I find the crèche and the children’s society frightening. Some people I’ve talked to find the whole book frightening, but I don’t—only the children. They seem to exist in parallel to the society proper, and do not follow its rules. For example, it’s possible to discern a very definite hierarchy among the children; the adults would never permit this. And naming becomes important here too, because names allow the children to have stable identities in a way that adults don’t, and that allows a hierarchy to be established. The central tension in the book, for me, is between coming together and drawing apart: the adults are pushing to live entirely in community, to efface all the differences between themselves and become one thing, and so they’ve given up everything that might be theirs individually, including their names. But the children do things differently.

JB: I wonder if you could say a bit more about the language of the book. For me, the long, rolling sentences—always precise and often lofty in tone—recall scripture. Is there anything to that? Can you identify any major influences on your prose style?

BC: Other people have also said scripture, and I see where that comes from. I’ve actually read very little scripture, and when I think of scripture-like language I think of The Grapes of Wrath; I had to read it in high school, and I recall my teacher repeatedly saying, “the rhythms of the King James Bible.” I have a very low opinion of The Grapes of Wrath. On the other hand, I read P. G. Wodehouse a lot—probably more often than I read any other writer. And there’s a certain way that scripture and Shakespeare and other Western-canon texts come into Wodehouse sometimes, where they’ll be reasonably apt but also somehow alienated. “I retired to an arm-chair and put my feet up, sipping the mixture with carefree enjoyment, rather like Caesar having one in his tent the day he overcame the Nervii” (from Right Ho, Jeeves).
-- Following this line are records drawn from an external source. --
(* Let $\eta\in\mathcal O_N$ and let $p^B_i(\eta)$, $p^D_i(\eta)$ denote the probabilities that an explorer attaches to column $i$ in configuration $\eta$ under ballistic, respectively diffusive, deposition. Then for every $k=1,\dots,N$, $$\sum_{i=1}^k p^B_i(\eta)\ge\sum_{i=1}^k\frac{\eta_i+1}{|\eta|+N}\quad\text{and}\quad\sum_{i=1}^k p^D_i(\eta)\ge\sum_{i=1}^k\frac{\eta_i+1}{|\eta|+N}.$$
   Context: Deposition models: for $N\ge2$, $G_N=\{1,\dots,N\}$, a configuration $\eta\in\mathbb N^N$ gives column heights, $|\eta|=\sum_i\eta_i$. Given $\eta$, an explorer is a walk $(X_n,Z_n)_{n\ge0}$ with $(X_n)$ i.i.d. uniform on $G_N$, $Z_0=\max_i\eta_i+1$, and increments $Z_{n+1}-Z_n$ i.i.d. uniform on $\{-1,1\}$ independent of $(X_n)$ (diffusive deposition) or identically $-1$ (ballistic deposition); with $n^*=\inf\{n:Z_n\le\eta_{X_n}\}$, the explorer attaches to column $X_{n^*}$. $\mathcal O_N$ is the set of $\eta\in\mathbb N^N$ with $\eta_1\ge\dots\ge\eta_N$. *)

theory Defs
  imports "HOL-Probability.Probability"
begin

text \<open>A configuration is eta :: nat => nat, relevant on the columns {1..N}.
  A sample point omega :: nat => nat \<times> int gives at time n the pair
  (X_n, Z_(n+1) - Z_n); all coordinates are i.i.d. with law
  (uniform on {1..N}) \<times> S, where S is the increment law.\<close>

definition explorer_space :: "nat \<Rightarrow> int pmf \<Rightarrow> (nat \<Rightarrow> nat \<times> int) measure" where
  "explorer_space N S = PiM UNIV (\<lambda>_. measure_pmf (pair_pmf (pmf_of_set {1..N}) S))"

definition max_height :: "nat \<Rightarrow> (nat \<Rightarrow> nat) \<Rightarrow> nat" where
  "max_height N eta = Max (eta ` {1..N})"

definition config_size :: "nat \<Rightarrow> (nat \<Rightarrow> nat) \<Rightarrow> nat" where
  "config_size N eta = (\<Sum>i=1..N. eta i)"

definition expl_height :: "nat \<Rightarrow> (nat \<Rightarrow> nat) \<Rightarrow> (nat \<Rightarrow> nat \<times> int) \<Rightarrow> nat \<Rightarrow> int" where
  "expl_height N eta \<omega> n = int (max_height N eta) + 1 + (\<Sum>m<n. snd (\<omega> m))"

definition expl_stops :: "nat \<Rightarrow> (nat \<Rightarrow> nat) \<Rightarrow> (nat \<Rightarrow> nat \<times> int) \<Rightarrow> nat \<Rightarrow> bool" where
  "expl_stops N eta \<omega> n \<longleftrightarrow> expl_height N eta \<omega> n \<le> int (eta (fst (\<omega> n)))"

definition attach_prob :: "int pmf \<Rightarrow> nat \<Rightarrow> (nat \<Rightarrow> nat) \<Rightarrow> nat \<Rightarrow> real" where
  "attach_prob S N eta i = measure (explorer_space N S)
     {\<omega> \<in> space (explorer_space N S). \<exists>n. expl_stops N eta \<omega> n \<and>
        (\<forall>m<n. \<not> expl_stops N eta \<omega> m) \<and> fst (\<omega> n) = i}"

definition ballistic_step :: "int pmf" where
  "ballistic_step = return_pmf (-1)"

definition diffusive_step :: "int pmf" where
  "diffusive_step = pmf_of_set {-1, 1}"

definition pB :: "nat \<Rightarrow> (nat \<Rightarrow> nat) \<Rightarrow> nat \<Rightarrow> real" where
  "pB = attach_prob ballistic_step"

definition pD :: "nat \<Rightarrow> (nat \<Rightarrow> nat) \<Rightarrow> nat \<Rightarrow> real" where
  "pD = attach_prob diffusive_step"

definition ordered_config :: "nat \<Rightarrow> (nat \<Rightarrow> nat) \<Rightarrow> bool" where
  "ordered_config N eta \<longleftrightarrow> (\<forall>i j. 1 \<le> i \<longrightarrow> i \<le> j \<longrightarrow> j \<le> N \<longrightarrow> eta j \<le> eta i)"

end

theory Submission
  imports Defs
begin

text \<open>
  Start the explorer at z0 = max eta + 1 and let visits h be the expected number of times the walk
  is at level h before it attaches. From level h it attaches at the next step with probability
  #{i. h \<le> eta i} / N, so the probability of attaching to a set K of columns is
  (1/N) * (\<Sum>h. visits h * #{i \<in> K. h \<le> eta i}).
  A last-step decomposition shows that visits is nondecreasing on 0..max eta, because up-steps
  have probability at most 1/2, and since the explorer attaches almost surely these weights sum
  to 1 for K = {1..N}. For a non-increasing configuration the proportion
  #{i \<le> k. h \<le> eta i} / #{i. h \<le> eta i} is nondecreasing in h, so by a Chebyshev-type sum
  inequality the weights visits h can only increase the share of the first k columns over the
  share obtained with constant weights, which is (\<Sum>i\<le>k. eta i + 1) / (|eta| + N).
\<close>

fun attaches_in :: "(nat \<Rightarrow> nat) \<Rightarrow> nat set \<Rightarrow> int \<Rightarrow> (nat \<times> int) list \<Rightarrow> bool" where
  "attaches_in eta K z [] = False"
| "attaches_in eta K z (x # xs) =
     (if z \<le> int (eta (fst x)) then fst x \<in> K else attaches_in eta K (z + snd x) xs)"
But I think of the language of The Fixed Stars primarily as a language of circumlocution, a way to be simultaneously precise and obscure. In that sense it owes a lot to the language of mathematics. If you’ve taken a calculus class you probably learned about “limits.” The concept of a limit is pretty simple, and can be explained clearly in a few minutes with a piece of paper and a pencil; but the formal definition of a limit is much more difficult, so that once you see it you have to think about it for a long time to figure out what it means, and then for an even longer time to convince yourself that it actually corresponds to the simple intuitive notion that was so easy to understand with the help of the paper and the pencil. And there are many other mathematical concepts that suffer this same schism between concept and definition. It’s not unusual, in a math textbook, to come across some statement like “We’re going to introduce a new concept now, but its definition is so esoteric that we’re first going to spend several chapters describing the concept and even developing theorems based on it, and only then give the formal definition”—a definition, the book does not state but everyone knows, that you may not really understand until you have used the concept every day for twenty years. But the definition is of course formulated to be perfectly precise, so one arrives at the conclusion that precision is sometimes at odds with clarity.

Here’s an example from Euclid:

If a straight line be bisected and a straight line be added to it in a straight line, the rectangle contained by the whole with the added straight line and the added straight line together with the square on the half is equal to the square on the straight line made up of the half and the added straight line.

Right? Well, maybe it’s clearer in Greek. But the real issue is that he’s trying to express in natural language an idea that is not native to natural language; the theorem above gets much easier to understand if you draw a picture, and easier still if you reduce it to algebra. To me, part of the job of fiction is to express things that are real but that somehow fall in the shadows or interstices of everyday language, so that we don’t quite know how to think about them; in The Fixed Stars I attempt to draw explicit attention to those shadows or interstices, to use a language that is precise and expressive but that nevertheless leaves us in the dark about the things that are most important.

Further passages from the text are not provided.